(Data entries)

lemma card_separated_pairs_le:
  fixes x :: "'a::euclidean_space" and F :: "('a \<times> 'a) set"
  defines "D \<equiv> real DIM('a)"
  assumes \<rho>: "\<rho> > 0" and a: "a \<ge> 0" and b: "b \<ge> 0"
    and near: "\<And>p q. (p, q) \<in> F \<Longrightarrow> dist x p \<le> a * \<rho> \<and> dist x q \<le> b * \<rho>"
    and apart: "\<And>p1 q1 p2 q2. \<lbrakk>(p1, q1) \<in> F; (p2, q2) \<in> F; dist p1 p2 < \<rho>; dist q1 q2 < \<rho>\<rbrakk>
                  \<Longrightarrow> (p1, q1) = (p2, q2)"
  shows "finite F \<and> real (card F) \<le> (2 * a * D + 2) ^ DIM('a) * (2 * b * D + 2) ^ DIM('a)"
proof -
  define h where "h = \<rho> / D"
  have D: "D > 0" by (simp add: D_def)
  have h: "h > 0" using \<rho> D by (simp add: h_def)
  have Dh: "D * h = \<rho>" using D by (simp add: h_def)
  define cells where "cells = (\<lambda>(p :: 'a, q :: 'a). (grid_cell h p, grid_cell h q :: 'a \<Rightarrow> int))"
  define B where "B = grid_box h (a * \<rho>) x \<times> grid_box h (b * \<rho>) x"
  have close: "dist y z < \<rho>" if "grid_cell h y = grid_cell h z" for y z :: 'a
    using dist_less_if_grid_cell_eq[OF h that] Dh by (simp add: D_def)
  have "inj_on cells F"
  proof (rule inj_onI)
    fix z1 z2 assume "z1 \<in> F" "z2 \<in> F" "cells z1 = cells z2"
    then show "z1 = z2"
      using close apart by (cases z1; cases z2) (auto simp: cells_def)
  qed
  moreover have "cells ` F \<subseteq> B"
    using near by (auto simp: cells_def B_def intro!: grid_cell_in_grid_box[OF h])
  moreover have "finite B" by (simp add: B_def grid_box_def finite_PiE)
  ultimately have "finite F" "card F \<le> card B"
    by (blast intro: inj_on_finite card_inj_on_le)+
  moreover have "2 * (a * \<rho>) / h = 2 * a * D" "2 * (b * \<rho>) / h = 2 * b * D"
    using \<rho> D by (simp_all add: h_def)
  then have "real (card B) \<le> (2 * a * D + 2) ^ DIM('a) * (2 * b * D + 2) ^ DIM('a)"
    unfolding B_def card_cartesian_product of_nat_mult
    using card_grid_box_le[OF h, of "a * \<rho>" x] card_grid_box_le[OF h, of "b * \<rho>" x] a b \<rho>
    by (intro mult_mono) simp_all
  ultimately show ?thesis by simp
qed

▸ **YOUR GOAL**:
Copy each entry above exactly, leaving nothing out.

▸ **EXERCISE RESPONSE**:
lemma card_separated_pairs_le:
  fixes x :: "'a::euclidean_space" and F :: "('a \<times> 'a) set"
  defines "D \<equiv> real DIM('a)"
  assumes \<rho>: "\<rho> > 0" and a: "a \<ge> 0" and b: "b \<ge> 0"
    and near: "\<And>p q. (p, q) \<in> F \<Longrightarrow> dist x p \<le> a * \<rho> \<and> dist x q \<le> b * \<rho>"
    and apart: "\<And>p1 q1 p2 q2. \<lbrakk>(p1, q1) \<in> F; (p2, q2) \<in> F; dist p1 p2 < \<rho>; dist q1 q2 < \<rho>\<rbrakk>
                  \<Longrightarrow> (p1, q1) = (p2, q2)"
  shows "finite F \<and> real (card F) \<le> (2 * a * D + 2) ^ DIM('a) * (2 * b * D + 2) ^ DIM('a)"
proof -
  define h where "h = \<rho> / D"
  have D: "D > 0" by (simp add: D_def)
  have h: "h > 0" using \<rho> D by (simp add: h_def)
  have Dh: "D * h = \<rho>" using D by (simp add: h_def)
  define cells where "cells = (\<lambda>(p :: 'a, q :: 'a). (grid_cell h p, grid_cell h q :: 'a \<Rightarrow> int))"
  define B where "B = grid_box h (a * \<rho>) x \<times> grid_box h (b * \<rho>) x"
  have close: "dist y z < \<rho>" if "grid_cell h y = grid_cell h z" for y z :: 'a
    using dist_less_if_grid_cell_eq[OF h that] Dh by (simp add: D_def)
  have "inj_on cells F"
  proof (rule inj_onI)
    fix z1 z2 assume "z1 \<in> F" "z2 \<in> F" "cells z1 = cells z2"
    then show "z1 = z2"
      using close apart by (cases z1; cases z2) (auto simp: cells_def)
  qed
  moreover have "cells ` F \<subseteq> B"
    using near by (auto simp: cells_def B_def intro!: grid_cell_in_grid_box[OF h])
  moreover have "finite B" by (simp add: B_def grid_box_def finite_PiE)
  ultimately have "finite F" "card F \<le> card B"
    by (blast intro: inj_on_finite card_inj_on_le)+
  moreover have "2 * (a * \<rho>) / h = 2 * a * D" "2 * (b * \<rho>) / h = 2 * b * D"
    using \<rho> D by (simp_all add: h_def)
  then have "real (card B) \<le> (2 * a * D + 2) ^ DIM('a) * (2 * b * D + 2) ^ DIM('a)"
    unfolding B_def card_cartesian_product of_nat_mult
    using card_grid_box_le[OF h, of "a * \<rho>" x] card_grid_box_le[OF h, of "b * \<rho>" x] a b \<rho>
    by (intro mult_mono) simp_all
  ultimately show ?thesis by simp
qed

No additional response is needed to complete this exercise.